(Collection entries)
===============

lemma aas_has_clique:
  assumes r: "1 \<le> r" and L: "\<And>n. simplicial_complex_on n (L n)"
    and p: "\<And>n. 0 \<le> p n \<and> p n \<le> 1" and Sk: "\<And>n. Sk r (L n) = Sk r (Delta n)"
    and dense: "filterlim (\<lambda>n. p n / real n powr (-2 / real r)) at_top sequentially"
  shows "aas (\<lambda>n. random_graph (L n) (p n)) (\<lambda>n G. \<exists>\<sigma>\<in>k_subsets n (r + 1). pairs \<sigma> \<subseteq> G)"
proof (rule aas_if_prob_not_le)
  define t where "t n = p n / real n powr (-2 / real r)" for n
  define K where "K = (\<Sum>j\<in>{2..r + 1}. real ((r + 1) choose j) ^ 2 * real j ^ j)"
  show "eventually (\<lambda>n. measure_pmf.prob (random_graph (L n) (p n))
      {G. \<not> (\<exists>\<sigma>\<in>k_subsets n (r + 1). pairs \<sigma> \<subseteq> G)} \<le> K / t n) sequentially"
    using eventually_ge_at_top[of "r + 1"] filterlim_at_top[THEN iffD1, OF dense, rule_format, of 1]
  proof eventually_elim
    case (elim n)
    have "real n powr (-2 / real r) > 0"
      using elim by simp
    then have "p n = t n * real n powr (-2 / real r)"
      by (simp add: t_def)
    then show ?case
      using prob_no_clique_above_threshold_le[OF r L Sk elim(1), of "t n"] p[of n] elim(2)
      by (simp add: t_def K_def)
  qed
  show "(\<lambda>n. K / t n) \<longlonglongrightarrow> 0"
    using dense by (intro tendsto_divide_0[OF tendsto_const]) (simp add: t_def filterlim_at_top_imp_at_infinity)
qed

theorem lemma5p1:
  fixes r :: nat and L :: "nat \<Rightarrow> nat set set" and p1 :: "nat \<Rightarrow> real"
  assumes "r \<ge> 2"
    and "\<And>n. simplicial_complex_on n (L n)"
    and "\<And>n. 0 \<le> p1 n \<and> p1 n \<le> 1"
    and "(\<lambda>n. p1 n / real n powr (-2 / (real r + 1))) \<longlonglongrightarrow> 0"
  shows "aas (\<lambda>n. random_graph (L n) (p1 n)) (\<lambda>n G. cdim (X_GL n G (L n)) \<le> int r)
    \<and> ((filterlim (\<lambda>n. p1 n / real n powr (-2 / real r)) at_top sequentially
         \<and> (\<forall>n. Sk r (L n) = Sk r (Delta n)))
        \<longrightarrow> aas (\<lambda>n. random_graph (L n) (p1 n)) (\<lambda>n G. cdim (X_GL n G (L n)) = int r))"
proof (intro conjI impI)
  show upper: "aas (\<lambda>n. random_graph (L n) (p1 n)) (\<lambda>n G. cdim (X_GL n G (L n)) \<le> int r)"
    using assms(2-4) by (rule aas_cdim_le)
  assume dense_complete: "filterlim (\<lambda>n. p1 n / real n powr (-2 / real r)) at_top sequentially
    \<and> (\<forall>n. Sk r (L n) = Sk r (Delta n))"
  have "aas (\<lambda>n. random_graph (L n) (p1 n)) (\<lambda>n G. \<exists>\<sigma>\<in>k_subsets n (r + 1). pairs \<sigma> \<subseteq> G)"
    using assms(1-3) dense_complete by (intro aas_has_clique) auto
  then have "aas (\<lambda>n. random_graph (L n) (p1 n)) (\<lambda>n G. int r \<le> cdim (X_GL n G (L n)))"
    by (rule aas_mono) (use dense_complete clique_imp_cdim_ge in blast)
  with upper show "aas (\<lambda>n. random_graph (L n) (p1 n)) (\<lambda>n G. cdim (X_GL n G (L n)) = int r)"
    by (rule aas_mono[OF aas_conj]) simp
qed

end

===============

■ What is needed ■
If a line of the data contains "intro", it counts; report the number of such lines and nothing else.

■ Problem solution ■
3